_Exercise description_:
Whenever a line carries the word "False", pull it out of the entries.

:: Records for the task

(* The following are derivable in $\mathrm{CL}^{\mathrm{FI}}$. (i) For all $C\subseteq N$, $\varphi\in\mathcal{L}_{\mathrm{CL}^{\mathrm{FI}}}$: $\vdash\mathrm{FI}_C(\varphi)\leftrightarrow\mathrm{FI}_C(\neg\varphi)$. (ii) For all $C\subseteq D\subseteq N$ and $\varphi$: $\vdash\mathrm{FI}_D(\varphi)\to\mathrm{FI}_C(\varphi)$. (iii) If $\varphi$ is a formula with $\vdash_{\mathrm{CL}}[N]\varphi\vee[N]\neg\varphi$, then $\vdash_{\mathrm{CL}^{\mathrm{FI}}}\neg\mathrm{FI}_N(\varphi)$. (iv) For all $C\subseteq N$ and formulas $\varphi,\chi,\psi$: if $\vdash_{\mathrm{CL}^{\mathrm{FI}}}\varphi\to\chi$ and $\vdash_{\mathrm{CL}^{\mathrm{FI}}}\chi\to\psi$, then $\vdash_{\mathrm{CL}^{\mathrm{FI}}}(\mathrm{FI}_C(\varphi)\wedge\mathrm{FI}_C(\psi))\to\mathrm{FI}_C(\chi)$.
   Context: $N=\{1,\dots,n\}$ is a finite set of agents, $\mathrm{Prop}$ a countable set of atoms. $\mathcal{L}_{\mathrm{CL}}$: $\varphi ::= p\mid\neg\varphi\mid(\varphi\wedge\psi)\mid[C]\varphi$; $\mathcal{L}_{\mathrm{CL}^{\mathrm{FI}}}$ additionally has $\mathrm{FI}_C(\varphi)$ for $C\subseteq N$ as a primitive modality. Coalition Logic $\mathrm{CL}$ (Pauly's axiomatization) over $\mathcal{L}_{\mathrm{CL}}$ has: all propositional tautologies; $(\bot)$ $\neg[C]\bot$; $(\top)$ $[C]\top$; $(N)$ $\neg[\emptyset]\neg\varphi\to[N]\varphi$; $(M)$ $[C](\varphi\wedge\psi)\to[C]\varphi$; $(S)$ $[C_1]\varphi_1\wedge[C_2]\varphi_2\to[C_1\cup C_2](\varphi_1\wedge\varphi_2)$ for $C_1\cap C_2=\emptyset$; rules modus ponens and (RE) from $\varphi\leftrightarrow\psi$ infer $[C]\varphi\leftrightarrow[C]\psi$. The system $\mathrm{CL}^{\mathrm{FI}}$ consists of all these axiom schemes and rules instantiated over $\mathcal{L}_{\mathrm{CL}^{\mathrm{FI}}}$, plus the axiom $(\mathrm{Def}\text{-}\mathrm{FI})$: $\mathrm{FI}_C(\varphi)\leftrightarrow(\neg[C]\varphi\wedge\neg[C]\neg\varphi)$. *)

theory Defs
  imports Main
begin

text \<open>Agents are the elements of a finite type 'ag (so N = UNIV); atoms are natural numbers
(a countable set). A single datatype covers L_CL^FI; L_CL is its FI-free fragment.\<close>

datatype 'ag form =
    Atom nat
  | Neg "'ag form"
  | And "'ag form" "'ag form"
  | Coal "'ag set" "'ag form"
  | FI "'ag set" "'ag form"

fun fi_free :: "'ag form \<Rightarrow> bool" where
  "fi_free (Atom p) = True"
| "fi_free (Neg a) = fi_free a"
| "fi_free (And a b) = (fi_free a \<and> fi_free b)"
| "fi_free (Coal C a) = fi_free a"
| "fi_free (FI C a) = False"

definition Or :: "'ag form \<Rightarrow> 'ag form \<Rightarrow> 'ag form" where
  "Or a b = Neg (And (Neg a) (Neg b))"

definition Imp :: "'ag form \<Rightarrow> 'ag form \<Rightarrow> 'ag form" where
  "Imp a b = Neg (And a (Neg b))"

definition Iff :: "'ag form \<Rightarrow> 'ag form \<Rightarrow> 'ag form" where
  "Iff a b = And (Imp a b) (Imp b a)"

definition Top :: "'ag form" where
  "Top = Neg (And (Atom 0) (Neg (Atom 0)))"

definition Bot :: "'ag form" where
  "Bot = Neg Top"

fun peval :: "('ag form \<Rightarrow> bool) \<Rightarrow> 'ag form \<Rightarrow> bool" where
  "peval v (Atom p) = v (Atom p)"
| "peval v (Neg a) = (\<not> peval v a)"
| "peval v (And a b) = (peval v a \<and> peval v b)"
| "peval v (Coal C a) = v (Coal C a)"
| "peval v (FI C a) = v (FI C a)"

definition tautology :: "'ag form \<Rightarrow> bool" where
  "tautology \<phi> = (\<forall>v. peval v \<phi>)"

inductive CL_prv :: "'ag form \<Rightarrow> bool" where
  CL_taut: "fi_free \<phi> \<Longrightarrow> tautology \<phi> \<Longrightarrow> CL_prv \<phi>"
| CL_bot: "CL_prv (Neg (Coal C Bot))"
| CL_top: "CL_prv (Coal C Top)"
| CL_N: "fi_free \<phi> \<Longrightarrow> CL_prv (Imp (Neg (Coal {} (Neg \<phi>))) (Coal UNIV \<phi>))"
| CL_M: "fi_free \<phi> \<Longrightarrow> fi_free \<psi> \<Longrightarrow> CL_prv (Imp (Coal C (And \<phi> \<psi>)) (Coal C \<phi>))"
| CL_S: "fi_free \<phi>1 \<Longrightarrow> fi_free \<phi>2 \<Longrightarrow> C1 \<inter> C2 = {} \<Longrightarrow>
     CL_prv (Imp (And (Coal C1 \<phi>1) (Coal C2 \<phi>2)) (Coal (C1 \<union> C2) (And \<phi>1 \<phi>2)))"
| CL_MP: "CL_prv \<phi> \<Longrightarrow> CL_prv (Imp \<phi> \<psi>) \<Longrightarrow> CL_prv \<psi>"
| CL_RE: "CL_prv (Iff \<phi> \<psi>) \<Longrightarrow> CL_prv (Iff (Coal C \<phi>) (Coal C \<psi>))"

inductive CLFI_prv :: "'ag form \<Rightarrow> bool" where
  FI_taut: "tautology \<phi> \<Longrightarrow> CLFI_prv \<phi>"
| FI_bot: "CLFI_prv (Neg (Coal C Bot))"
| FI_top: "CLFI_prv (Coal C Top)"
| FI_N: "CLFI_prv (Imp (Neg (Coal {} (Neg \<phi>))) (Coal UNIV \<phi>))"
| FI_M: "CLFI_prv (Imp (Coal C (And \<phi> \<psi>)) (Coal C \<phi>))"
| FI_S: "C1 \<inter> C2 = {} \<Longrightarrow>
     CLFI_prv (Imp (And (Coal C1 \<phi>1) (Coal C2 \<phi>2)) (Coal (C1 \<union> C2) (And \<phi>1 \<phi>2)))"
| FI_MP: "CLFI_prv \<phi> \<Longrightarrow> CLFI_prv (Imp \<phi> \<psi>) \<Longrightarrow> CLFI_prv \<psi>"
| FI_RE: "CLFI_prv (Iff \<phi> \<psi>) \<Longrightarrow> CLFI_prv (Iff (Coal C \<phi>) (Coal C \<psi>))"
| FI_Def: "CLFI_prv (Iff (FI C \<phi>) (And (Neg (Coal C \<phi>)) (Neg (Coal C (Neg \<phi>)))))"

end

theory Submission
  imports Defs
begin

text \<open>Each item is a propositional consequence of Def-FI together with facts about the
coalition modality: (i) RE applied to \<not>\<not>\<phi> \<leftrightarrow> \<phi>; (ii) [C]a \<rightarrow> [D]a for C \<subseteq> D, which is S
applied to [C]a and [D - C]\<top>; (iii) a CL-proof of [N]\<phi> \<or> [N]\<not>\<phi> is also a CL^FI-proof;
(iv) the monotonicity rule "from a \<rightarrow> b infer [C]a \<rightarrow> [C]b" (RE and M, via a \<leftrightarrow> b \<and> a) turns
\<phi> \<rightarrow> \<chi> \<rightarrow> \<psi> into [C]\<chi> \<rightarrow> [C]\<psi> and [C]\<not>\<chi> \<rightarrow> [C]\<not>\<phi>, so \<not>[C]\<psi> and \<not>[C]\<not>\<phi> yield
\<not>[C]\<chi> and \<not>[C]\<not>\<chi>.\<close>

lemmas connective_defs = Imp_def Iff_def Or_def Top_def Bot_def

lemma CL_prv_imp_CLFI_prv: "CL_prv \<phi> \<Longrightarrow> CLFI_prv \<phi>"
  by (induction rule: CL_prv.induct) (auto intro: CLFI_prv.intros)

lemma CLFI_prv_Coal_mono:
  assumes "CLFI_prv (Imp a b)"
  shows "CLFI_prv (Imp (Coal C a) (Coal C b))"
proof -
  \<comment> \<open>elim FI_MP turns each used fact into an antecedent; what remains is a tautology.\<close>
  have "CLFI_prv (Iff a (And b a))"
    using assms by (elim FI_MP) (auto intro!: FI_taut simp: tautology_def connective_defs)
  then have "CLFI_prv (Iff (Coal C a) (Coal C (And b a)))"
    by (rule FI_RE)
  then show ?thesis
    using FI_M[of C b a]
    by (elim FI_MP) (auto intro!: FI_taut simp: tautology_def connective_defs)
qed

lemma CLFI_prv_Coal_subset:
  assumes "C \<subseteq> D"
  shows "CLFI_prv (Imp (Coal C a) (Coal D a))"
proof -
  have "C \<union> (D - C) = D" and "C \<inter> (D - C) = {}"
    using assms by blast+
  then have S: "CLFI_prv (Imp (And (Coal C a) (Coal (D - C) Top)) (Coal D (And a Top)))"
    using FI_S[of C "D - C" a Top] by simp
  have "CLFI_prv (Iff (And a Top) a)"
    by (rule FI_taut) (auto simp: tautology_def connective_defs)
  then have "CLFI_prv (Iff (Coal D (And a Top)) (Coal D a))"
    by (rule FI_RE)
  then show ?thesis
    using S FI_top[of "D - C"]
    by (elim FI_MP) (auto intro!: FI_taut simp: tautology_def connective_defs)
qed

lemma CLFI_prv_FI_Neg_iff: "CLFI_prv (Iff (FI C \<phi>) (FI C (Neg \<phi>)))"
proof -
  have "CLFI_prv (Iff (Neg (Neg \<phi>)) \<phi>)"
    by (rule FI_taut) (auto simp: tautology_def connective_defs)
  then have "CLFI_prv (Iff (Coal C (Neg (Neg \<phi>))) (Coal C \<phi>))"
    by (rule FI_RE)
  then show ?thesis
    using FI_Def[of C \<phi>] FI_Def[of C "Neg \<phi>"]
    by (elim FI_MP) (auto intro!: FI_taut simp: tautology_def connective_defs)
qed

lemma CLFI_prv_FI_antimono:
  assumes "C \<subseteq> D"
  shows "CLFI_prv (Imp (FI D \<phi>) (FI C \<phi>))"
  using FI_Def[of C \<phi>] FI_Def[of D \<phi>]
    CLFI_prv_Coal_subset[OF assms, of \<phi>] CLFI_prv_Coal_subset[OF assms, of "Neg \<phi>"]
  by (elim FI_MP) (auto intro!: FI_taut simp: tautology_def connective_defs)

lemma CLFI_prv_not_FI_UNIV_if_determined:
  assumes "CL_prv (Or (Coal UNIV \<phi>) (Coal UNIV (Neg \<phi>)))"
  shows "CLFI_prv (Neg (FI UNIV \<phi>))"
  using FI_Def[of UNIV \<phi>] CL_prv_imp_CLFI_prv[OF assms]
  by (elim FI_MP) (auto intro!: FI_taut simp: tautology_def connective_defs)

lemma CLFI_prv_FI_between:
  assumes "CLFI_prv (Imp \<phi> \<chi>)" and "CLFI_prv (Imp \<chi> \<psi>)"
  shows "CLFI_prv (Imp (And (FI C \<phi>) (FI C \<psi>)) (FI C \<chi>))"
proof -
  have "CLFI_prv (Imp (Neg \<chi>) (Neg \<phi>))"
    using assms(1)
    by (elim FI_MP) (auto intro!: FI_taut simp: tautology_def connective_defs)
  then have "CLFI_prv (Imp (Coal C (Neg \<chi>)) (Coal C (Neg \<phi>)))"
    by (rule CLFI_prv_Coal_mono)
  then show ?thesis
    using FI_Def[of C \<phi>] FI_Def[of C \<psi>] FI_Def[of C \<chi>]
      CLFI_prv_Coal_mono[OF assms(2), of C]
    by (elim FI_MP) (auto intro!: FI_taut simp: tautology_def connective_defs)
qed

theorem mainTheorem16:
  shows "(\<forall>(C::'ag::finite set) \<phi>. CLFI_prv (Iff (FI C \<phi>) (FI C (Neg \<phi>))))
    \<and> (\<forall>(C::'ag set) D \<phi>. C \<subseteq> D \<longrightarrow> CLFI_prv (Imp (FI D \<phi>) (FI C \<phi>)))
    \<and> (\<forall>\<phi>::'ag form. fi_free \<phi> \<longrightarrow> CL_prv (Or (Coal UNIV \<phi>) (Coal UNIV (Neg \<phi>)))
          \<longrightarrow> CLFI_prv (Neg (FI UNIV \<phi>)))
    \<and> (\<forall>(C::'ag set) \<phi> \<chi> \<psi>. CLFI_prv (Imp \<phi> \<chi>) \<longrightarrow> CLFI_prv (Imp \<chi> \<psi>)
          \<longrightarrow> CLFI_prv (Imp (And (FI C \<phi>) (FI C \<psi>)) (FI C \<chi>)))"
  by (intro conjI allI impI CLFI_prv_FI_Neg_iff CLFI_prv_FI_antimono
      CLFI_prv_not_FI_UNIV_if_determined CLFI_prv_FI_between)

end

::::
:: Records for the task

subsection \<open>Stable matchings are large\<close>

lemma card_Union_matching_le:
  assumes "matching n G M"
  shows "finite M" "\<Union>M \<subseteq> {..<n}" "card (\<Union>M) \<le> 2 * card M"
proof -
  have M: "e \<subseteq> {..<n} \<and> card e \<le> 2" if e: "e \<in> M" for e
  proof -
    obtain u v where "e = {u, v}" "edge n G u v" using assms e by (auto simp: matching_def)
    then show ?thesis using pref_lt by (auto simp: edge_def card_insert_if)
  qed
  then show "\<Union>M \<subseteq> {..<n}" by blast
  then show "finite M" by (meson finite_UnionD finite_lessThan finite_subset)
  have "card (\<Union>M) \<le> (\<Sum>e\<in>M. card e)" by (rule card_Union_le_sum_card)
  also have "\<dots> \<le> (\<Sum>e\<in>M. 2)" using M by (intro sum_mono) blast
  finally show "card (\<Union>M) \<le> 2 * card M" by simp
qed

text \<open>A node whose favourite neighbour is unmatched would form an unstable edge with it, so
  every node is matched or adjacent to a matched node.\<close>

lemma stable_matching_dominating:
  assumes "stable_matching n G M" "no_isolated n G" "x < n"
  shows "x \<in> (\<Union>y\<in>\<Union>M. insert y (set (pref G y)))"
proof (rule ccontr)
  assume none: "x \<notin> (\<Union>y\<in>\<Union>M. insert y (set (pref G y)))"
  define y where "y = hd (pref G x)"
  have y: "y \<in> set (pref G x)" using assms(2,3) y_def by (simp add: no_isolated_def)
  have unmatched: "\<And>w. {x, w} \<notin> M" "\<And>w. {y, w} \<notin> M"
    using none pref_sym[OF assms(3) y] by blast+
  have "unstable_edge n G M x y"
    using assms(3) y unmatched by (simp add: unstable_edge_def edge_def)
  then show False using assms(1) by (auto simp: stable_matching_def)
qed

::::

_Answer space_:
| "fi_free (FI C a) = False"
  then show False using assms(1) by (auto simp: stable_matching_def)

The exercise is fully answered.